Input data:
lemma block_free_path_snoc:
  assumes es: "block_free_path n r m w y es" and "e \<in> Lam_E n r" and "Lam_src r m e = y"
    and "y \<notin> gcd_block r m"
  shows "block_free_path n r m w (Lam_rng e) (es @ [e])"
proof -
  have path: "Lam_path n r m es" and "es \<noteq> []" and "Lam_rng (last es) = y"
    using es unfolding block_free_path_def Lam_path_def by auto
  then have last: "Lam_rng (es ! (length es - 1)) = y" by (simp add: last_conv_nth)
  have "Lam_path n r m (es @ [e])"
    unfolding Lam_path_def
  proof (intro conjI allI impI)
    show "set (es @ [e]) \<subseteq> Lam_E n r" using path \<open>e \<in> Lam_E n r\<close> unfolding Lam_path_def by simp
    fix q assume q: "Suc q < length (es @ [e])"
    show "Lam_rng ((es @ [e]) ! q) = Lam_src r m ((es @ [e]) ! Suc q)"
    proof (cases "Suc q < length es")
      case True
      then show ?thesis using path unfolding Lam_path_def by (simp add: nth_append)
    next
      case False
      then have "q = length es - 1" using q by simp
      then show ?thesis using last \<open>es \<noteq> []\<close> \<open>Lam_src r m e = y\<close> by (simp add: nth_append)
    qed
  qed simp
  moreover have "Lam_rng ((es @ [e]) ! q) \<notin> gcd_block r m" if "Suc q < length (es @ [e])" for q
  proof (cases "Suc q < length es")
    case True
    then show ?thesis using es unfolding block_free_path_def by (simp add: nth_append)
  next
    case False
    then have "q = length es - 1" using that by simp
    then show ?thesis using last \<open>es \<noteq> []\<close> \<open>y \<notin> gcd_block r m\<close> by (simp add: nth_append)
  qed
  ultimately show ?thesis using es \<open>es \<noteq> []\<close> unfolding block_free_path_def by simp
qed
* * *
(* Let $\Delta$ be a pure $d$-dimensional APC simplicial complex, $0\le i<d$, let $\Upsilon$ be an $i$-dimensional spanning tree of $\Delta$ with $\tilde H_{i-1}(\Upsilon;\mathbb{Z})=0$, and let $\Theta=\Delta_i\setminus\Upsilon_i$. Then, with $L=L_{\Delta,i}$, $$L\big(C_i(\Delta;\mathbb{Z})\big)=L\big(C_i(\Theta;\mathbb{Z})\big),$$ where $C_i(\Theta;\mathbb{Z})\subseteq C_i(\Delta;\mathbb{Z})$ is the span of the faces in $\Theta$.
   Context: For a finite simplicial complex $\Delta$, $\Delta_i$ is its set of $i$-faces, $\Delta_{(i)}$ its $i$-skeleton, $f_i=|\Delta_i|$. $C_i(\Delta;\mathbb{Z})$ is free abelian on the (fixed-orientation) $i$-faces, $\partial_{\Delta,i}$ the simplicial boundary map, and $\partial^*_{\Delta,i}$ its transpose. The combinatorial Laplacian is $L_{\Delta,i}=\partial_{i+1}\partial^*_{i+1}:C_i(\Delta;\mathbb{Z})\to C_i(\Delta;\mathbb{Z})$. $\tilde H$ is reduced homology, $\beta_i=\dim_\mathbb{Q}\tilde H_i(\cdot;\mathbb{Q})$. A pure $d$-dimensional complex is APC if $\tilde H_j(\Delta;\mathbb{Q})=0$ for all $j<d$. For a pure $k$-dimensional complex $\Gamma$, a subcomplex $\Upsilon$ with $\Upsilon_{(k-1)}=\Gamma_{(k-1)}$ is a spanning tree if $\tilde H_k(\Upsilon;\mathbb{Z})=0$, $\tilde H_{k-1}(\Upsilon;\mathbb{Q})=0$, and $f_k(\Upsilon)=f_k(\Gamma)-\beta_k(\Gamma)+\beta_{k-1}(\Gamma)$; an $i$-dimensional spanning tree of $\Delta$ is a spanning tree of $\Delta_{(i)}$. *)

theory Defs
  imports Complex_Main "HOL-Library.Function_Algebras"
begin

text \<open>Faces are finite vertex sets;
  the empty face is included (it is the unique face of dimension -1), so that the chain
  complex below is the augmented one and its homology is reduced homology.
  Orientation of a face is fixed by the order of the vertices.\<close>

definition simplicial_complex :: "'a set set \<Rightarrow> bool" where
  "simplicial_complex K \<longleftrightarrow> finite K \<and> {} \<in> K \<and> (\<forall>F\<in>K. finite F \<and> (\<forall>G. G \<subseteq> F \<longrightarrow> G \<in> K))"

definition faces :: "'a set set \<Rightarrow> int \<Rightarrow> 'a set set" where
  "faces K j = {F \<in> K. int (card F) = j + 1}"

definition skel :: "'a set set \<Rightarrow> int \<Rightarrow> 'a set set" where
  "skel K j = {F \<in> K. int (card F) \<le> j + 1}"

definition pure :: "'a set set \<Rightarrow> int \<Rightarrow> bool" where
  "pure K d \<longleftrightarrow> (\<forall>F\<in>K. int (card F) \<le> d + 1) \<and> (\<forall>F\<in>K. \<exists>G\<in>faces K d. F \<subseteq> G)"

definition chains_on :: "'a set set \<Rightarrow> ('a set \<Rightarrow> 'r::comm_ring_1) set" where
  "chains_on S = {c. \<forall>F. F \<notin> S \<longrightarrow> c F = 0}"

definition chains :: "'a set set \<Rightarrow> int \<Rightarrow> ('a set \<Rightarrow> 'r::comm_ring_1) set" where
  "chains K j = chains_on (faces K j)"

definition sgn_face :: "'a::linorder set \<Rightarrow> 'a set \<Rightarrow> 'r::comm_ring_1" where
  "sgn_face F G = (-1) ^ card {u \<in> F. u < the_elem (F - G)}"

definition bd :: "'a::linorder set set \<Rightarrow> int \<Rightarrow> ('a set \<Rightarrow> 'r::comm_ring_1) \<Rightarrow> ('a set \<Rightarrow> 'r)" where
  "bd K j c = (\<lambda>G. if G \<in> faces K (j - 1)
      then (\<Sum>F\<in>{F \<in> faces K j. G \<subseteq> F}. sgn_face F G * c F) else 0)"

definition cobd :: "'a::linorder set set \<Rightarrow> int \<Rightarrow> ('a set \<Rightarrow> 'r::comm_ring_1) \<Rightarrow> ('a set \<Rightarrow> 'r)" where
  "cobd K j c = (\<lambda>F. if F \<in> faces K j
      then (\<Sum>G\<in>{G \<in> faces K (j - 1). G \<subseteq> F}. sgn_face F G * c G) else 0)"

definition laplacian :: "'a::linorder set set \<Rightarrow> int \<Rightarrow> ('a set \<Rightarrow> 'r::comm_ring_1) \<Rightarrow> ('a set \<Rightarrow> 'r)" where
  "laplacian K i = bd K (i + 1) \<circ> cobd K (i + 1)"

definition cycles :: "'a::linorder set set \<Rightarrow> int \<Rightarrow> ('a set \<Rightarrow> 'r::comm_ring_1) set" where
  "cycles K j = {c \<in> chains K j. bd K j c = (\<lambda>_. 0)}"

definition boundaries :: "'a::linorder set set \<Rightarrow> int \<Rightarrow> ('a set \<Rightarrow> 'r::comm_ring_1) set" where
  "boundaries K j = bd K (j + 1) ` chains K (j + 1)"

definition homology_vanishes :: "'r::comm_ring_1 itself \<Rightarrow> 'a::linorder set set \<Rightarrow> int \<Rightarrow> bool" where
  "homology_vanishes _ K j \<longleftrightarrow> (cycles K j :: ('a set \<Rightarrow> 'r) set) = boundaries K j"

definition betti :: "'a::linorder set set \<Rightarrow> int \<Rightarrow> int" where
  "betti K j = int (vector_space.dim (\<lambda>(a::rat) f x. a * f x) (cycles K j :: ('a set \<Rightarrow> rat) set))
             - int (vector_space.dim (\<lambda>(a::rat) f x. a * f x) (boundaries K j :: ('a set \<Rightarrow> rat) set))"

What to do: Scan the records above for the word "cases". Show each line in which it appears.

Response area:
    proof (cases "Suc q < length es")
  proof (cases "Suc q < length es")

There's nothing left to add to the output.